Fish contribute to reef fertilization through a steady supply of microbe-rich feces [40]. An example is the parrotfish cyanobacteria diet that enriches the coral ecosystem. Besides that, parrotfishes have the potential to disperse Symbiodinium, the photosynthetic microalgae indispensable for stony coral survival [10, 42, 58]. Corallivorous fish, such as parrotfish, may affect the health of coral by sharing microbial symbionts by biting coral and distributing their waste across reefs [66]. Thus, parrotfish corallivory could be a beneficial process for disseminating helpful bacteria over reefs. This activity has been linked to the transmission of mutualistic bacteria [41]. Nevertheless, parrotfish may also contribute to reef bioerosion and sediment production and movement [51, 62]. Herbivorous fish, including Scarus and Acanthurus, consume cyanobacterial turf and feces of planktivorous fish [65]. Coprophagy, or feces-eating, apparently provides significant nutrient and energy intake [65]. Additionally, climate change could trigger the growth of potentially disease-causing bacteria in reef fish [25]. However, the composition of the feces of Southwestern Atlantic coral reef fish remains largely unknown.

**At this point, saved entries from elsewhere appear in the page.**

lemma has_real_derivative_obs_potential:
  assumes "0 < e"
  shows "(obs_potential c1 c2 e has_real_derivative obs_gain c1 c2 e s) (at s)"
proof -
  have "((\<lambda>s. c1 * s\<^sup>2 / 2 + c2 * \<bar>s\<bar> powr (1 + e) / (1 + e)) has_real_derivative
          c1 * s + c2 * ((1 + e) * (sgn s * \<bar>s\<bar> powr e)) / (1 + e)) (at s)"
    by (intro DERIV_add DERIV_cdivide DERIV_cmult has_real_derivative_abs_powr assms)
       (auto intro!: derivative_eq_intros)
  then show ?thesis
    using assms by (simp add: obs_potential_def[abs_def] obs_gain_def)
qed

lemma abs_obs_gain:
  assumes "c1 \<ge> 0" "c2 \<ge> 0"
  shows "\<bar>obs_gain c1 c2 e s\<bar> = c1 * \<bar>s\<bar> + c2 * \<bar>s\<bar> powr e"
proof (cases s "0::real" rule: linorder_cases)
  case less
  then have "obs_gain c1 c2 e s = - (c1 * \<bar>s\<bar> + c2 * \<bar>s\<bar> powr e)"
    by (simp add: obs_gain_def)
  then have "\<bar>obs_gain c1 c2 e s\<bar> = \<bar>c1 * \<bar>s\<bar> + c2 * \<bar>s\<bar> powr e\<bar>"
    by (metis abs_minus_cancel)
  then show ?thesis
    using assms by simp
qed (use assms in \<open>auto simp: obs_gain_def\<close>)

lemma obs_gain_power2_ge:
  assumes "c1 \<ge> 0" "c2 \<ge> 0"
  shows "c2\<^sup>2 * \<bar>s\<bar> powr (2 * e) \<le> (obs_gain c1 c2 e s)\<^sup>2"
proof -
  have "c2 * \<bar>s\<bar> powr e \<le> \<bar>obs_gain c1 c2 e s\<bar>"
    using abs_obs_gain[OF assms] assms by simp
  then have "(c2 * \<bar>s\<bar> powr e)\<^sup>2 \<le> \<bar>obs_gain c1 c2 e s\<bar>\<^sup>2"
    using assms by (intro power_mono) auto
  moreover have "(\<bar>s\<bar> powr e)\<^sup>2 = \<bar>s\<bar> powr (2 * e)"
    by (cases "s = 0") (simp_all add: powr_power)
  ultimately show ?thesis
    by (simp add: power_mult_distrib)
qed

lemma obs_potential_nonneg: "c1 \<ge> 0 \<Longrightarrow> c2 \<ge> 0 \<Longrightarrow> e > 0 \<Longrightarrow> obs_potential c1 c2 e s \<ge> 0"
  unfolding obs_potential_def by simp

lemma obs_potential_ge: "c2 \<ge> 0 \<Longrightarrow> e > 0 \<Longrightarrow> c1 * s\<^sup>2 / 2 \<le> obs_potential c1 c2 e s"
  unfolding obs_potential_def by simp

lemma obs_potential_le_powr:
  assumes "c1 \<ge> 0" "c2 \<ge> 0" "0 < e" "e < 1" "s\<^sup>2 \<le> B"
  shows "obs_potential c1 c2 e s \<le> (c1 * sqrt B powr (1 - e) / 2 + c2 / (1 + e)) * \<bar>s\<bar> powr (1 + e)"
proof -
  have "\<bar>s\<bar> \<le> sqrt B"
    by (rule real_le_rsqrt) (use assms(5) in simp)
  then have "\<bar>s\<bar> powr (1 - e) \<le> sqrt B powr (1 - e)"
    using assms by (intro powr_mono2) auto
  moreover have "s\<^sup>2 = \<bar>s\<bar> powr (1 + e) * \<bar>s\<bar> powr (1 - e)"
    by (cases "s = 0") (simp_all add: powr_add[symmetric] flip: powr_realpow)
  ultimately have "s\<^sup>2 \<le> \<bar>s\<bar> powr (1 + e) * sqrt B powr (1 - e)"
    by (simp add: mult_left_mono)
  then have "c1 * s\<^sup>2 \<le> c1 * (\<bar>s\<bar> powr (1 + e) * sqrt B powr (1 - e))"
    using assms(1) by (rule mult_left_mono)
  then have "c1 * s\<^sup>2 / 2 \<le> c1 * sqrt B powr (1 - e) / 2 * \<bar>s\<bar> powr (1 + e)"
    by (simp add: mult_ac)
  then show ?thesis
    by (simp add: obs_potential_def distrib_right)
qed
(* Let $A$ be an $n\times m$ binary matrix with $R_{binary}(A)=n$. Then $A$ has the Augmentation property for the binary rank.
   Context: $R_{binary}(A)$ is the least $k$ such that $A=UV$ with $U\in\{0,1\}^{n\times k}$, $V\in\{0,1\}^{k\times m}$, ordinary arithmetic. $A$ has the Augmentation property for the binary rank if for every collection of binary column vectors $x_1,\dots,x_t$ of length $n$ with $R_{binary}(A|x_i)=R_{binary}(A)$ for all $i$, also $R_{binary}(A|x_1,\dots,x_t)=R_{binary}(A)$, where $(A|x_1,\dots,x_t)$ is $A$ with these columns appended. *)

theory Defs
  imports "Jordan_Normal_Form.Matrix"
begin

definition binary_mat :: "int mat \<Rightarrow> bool" where
  "binary_mat A \<longleftrightarrow> (\<forall>i<dim_row A. \<forall>j<dim_col A. A $$ (i,j) \<in> {0,1})"

definition binary_vec :: "int vec \<Rightarrow> bool" where
  "binary_vec x \<longleftrightarrow> (\<forall>i<dim_vec x. x $ i \<in> {0,1})"

definition binary_factorizable :: "int mat \<Rightarrow> nat \<Rightarrow> bool" where
  "binary_factorizable A k \<longleftrightarrow>
     (\<exists>U V. U \<in> carrier_mat (dim_row A) k \<and> V \<in> carrier_mat k (dim_col A) \<and>
            binary_mat U \<and> binary_mat V \<and> A = U * V)"

definition binary_rank :: "int mat \<Rightarrow> nat" where
  "binary_rank A = (LEAST k. binary_factorizable A k)"

definition append_cols :: "int mat \<Rightarrow> int vec list \<Rightarrow> int mat" where
  "append_cols A xs = mat (dim_row A) (dim_col A + length xs)
     (\<lambda>(i,j). if j < dim_col A then A $$ (i,j) else (xs ! (j - dim_col A)) $ i)"

definition augmentation_property :: "int mat \<Rightarrow> bool" where
  "augmentation_property A \<longleftrightarrow>
     (\<forall>xs. (\<forall>x\<in>set xs. dim_vec x = dim_row A \<and> binary_vec x) \<longrightarrow>
           (\<forall>x\<in>set xs. binary_rank (append_cols A [x]) = binary_rank A) \<longrightarrow>
           binary_rank (append_cols A xs) = binary_rank A)"

end

theory Submission
  imports Defs
begin

text \<open>Appending columns never lowers the binary rank, since a factorization of the augmented
  matrix restricts to one of \<open>A\<close>; and a binary matrix with \<open>n\<close> rows always factors as
  \<open>1\<^sub>n \<cdot> M\<close>, so its binary rank is at most \<open>n\<close>. When \<open>A\<close> already has rank \<open>n\<close>, every
  augmentation of \<open>A\<close> is therefore squeezed to rank exactly \<open>n\<close>, whatever columns are added.\<close>

lemma binary_rank_le:
  "binary_factorizable A k \<Longrightarrow> binary_rank A \<le> k"
  unfolding binary_rank_def by (rule Least_le)

lemma binary_factorizable_binary_rank:
  "binary_factorizable A k \<Longrightarrow> binary_factorizable A (binary_rank A)"
  unfolding binary_rank_def by (rule LeastI)

lemma binary_factorizable_dim_row:
  assumes "binary_mat M"
  shows "binary_factorizable M (dim_row M)"
  unfolding binary_factorizable_def
proof (rule exI[of _ "1\<^sub>m (dim_row M)"], rule exI[of _ M], intro conjI)
  show "binary_mat (1\<^sub>m (dim_row M))"
    by (auto simp: binary_mat_def)
qed (use assms in auto)

lemma binary_rank_le_dim_row:
  "binary_mat M \<Longrightarrow> binary_rank M \<le> dim_row M"
  by (rule binary_rank_le[OF binary_factorizable_dim_row])

lemma binary_mat_append_cols:
  assumes "binary_mat A" and "\<forall>x\<in>set xs. dim_vec x = dim_row A \<and> binary_vec x"
  shows "binary_mat (append_cols A xs)"
  using assms unfolding binary_mat_def append_cols_def binary_vec_def by auto

lemma binary_factorizable_append_colsD:
  assumes "binary_factorizable (append_cols A xs) k"
  shows "binary_factorizable A k"
proof -
  obtain U V where U: "U \<in> carrier_mat (dim_row A) k"
    and V: "V \<in> carrier_mat k (dim_col A + length xs)"
    and bin_U: "binary_mat U" and bin_V: "binary_mat V" and UV: "append_cols A xs = U * V"
    using assms unfolding binary_factorizable_def append_cols_def by auto
  define V' where "V' = mat k (dim_col A) (\<lambda>(i,j). V $$ (i,j))"
  have V': "V' \<in> carrier_mat k (dim_col A)"
    unfolding V'_def by auto
  have bin_V': "binary_mat V'"
    using bin_V V unfolding binary_mat_def V'_def by auto
  have "A = U * V'"
  proof (rule eq_matI)
    fix i j assume "i < dim_row (U * V')" and "j < dim_col (U * V')"
    then have i: "i < dim_row A" and j: "j < dim_col A"
      using U V' by auto
    have "col V' j = col V j"
      using V j unfolding V'_def by (auto intro!: eq_vecI)
    then have "(U * V') $$ (i,j) = (U * V) $$ (i,j)"
      using U V V' i j by (simp add: times_mat_def)
    also have "\<dots> = A $$ (i,j)"
      using i j unfolding UV[symmetric] append_cols_def by simp
    finally show "A $$ (i,j) = (U * V') $$ (i,j)" by simp
  qed (use U V' in auto)
  then show ?thesis
    unfolding binary_factorizable_def using U V' bin_U bin_V' by blast
qed

lemma binary_rank_le_append_cols:
  assumes "binary_mat (append_cols A xs)"
  shows "binary_rank A \<le> binary_rank (append_cols A xs)"
proof -
  have "binary_factorizable (append_cols A xs) (binary_rank (append_cols A xs))"
    by (rule binary_factorizable_binary_rank[OF binary_factorizable_dim_row[OF assms]])
  then show ?thesis
    by (intro binary_rank_le) (rule binary_factorizable_append_colsD)
qed

theorem mainTheorem10:
  fixes A :: "int mat" and n m :: nat
  assumes "A \<in> carrier_mat n m"
    and "binary_mat A"
    and "binary_rank A = n"
  shows "augmentation_property A"
  unfolding augmentation_property_def
proof (intro allI impI)
  fix xs assume cols: "\<forall>x\<in>set xs. dim_vec x = dim_row A \<and> binary_vec x"
  have bin: "binary_mat (append_cols A xs)"
    using binary_mat_append_cols[OF assms(2) cols] .
  have "binary_rank (append_cols A xs) \<le> n"
    using binary_rank_le_dim_row[OF bin] assms(1) by (simp add: append_cols_def)
  moreover have "binary_rank A \<le> binary_rank (append_cols A xs)"
    using binary_rank_le_append_cols[OF bin] .
  ultimately show "binary_rank (append_cols A xs) = binary_rank A"
    using assms(3) by simp
qed

end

Metagenomics (eDNA) analysis of gut contents infers that herbivorous reef fish may have a varied diet and diversified feeding behavior [57]. In one recent study conducted in an upwelling region, Acanthurus chirurgus and Sparisoma axillare shared some similarities in diets comprised of red calcareous articulated algae, red corticated algae, detritus, and diatoms [9]. These fish also consumed other common food items like Cyanobacteria, red and green filamentous algae [9]. The δ^15^N signatures of their food sources, potentially including macroalgae, suspended particulate matter, and sediment (ranges from 6 to 7‰), were consistent with those found earlier in macroalgae (6.1‰), suspended particulate matter (6.2 − 6.5‰), and sediment organic matter (6.4 − 7.1‰). However, despite having similarities in diets and gut contents, A. chirurgus (δ^13^C: − 18.7 ± 0.3‰; δ^15^N: 12.3 ± 0.2‰) and Sp. axillare (δ^13^C: − 16.0 ± 0.1‰; δ^15^N: 10.8 ± 0.2‰) displayed different isotopic signatures, possibly due to differences in their genetics and/or microbiomes, such as through microbial fermentation [9]. Different microbiomes may have different fermentation pathways and therefore different fermentation products. The four species belong to different genera and have distinct intestinal features, leading to unique feeding biologies. Nevertheless, they all share the common trait of being nominally herbivorous. These two herbivorous fish species (A. chirurgus and Sp. axillare) feed on many types of coral reef substrates, suggesting similar microbial compositions. However, additional research on fish microbiomes is required to validate this hypothesis.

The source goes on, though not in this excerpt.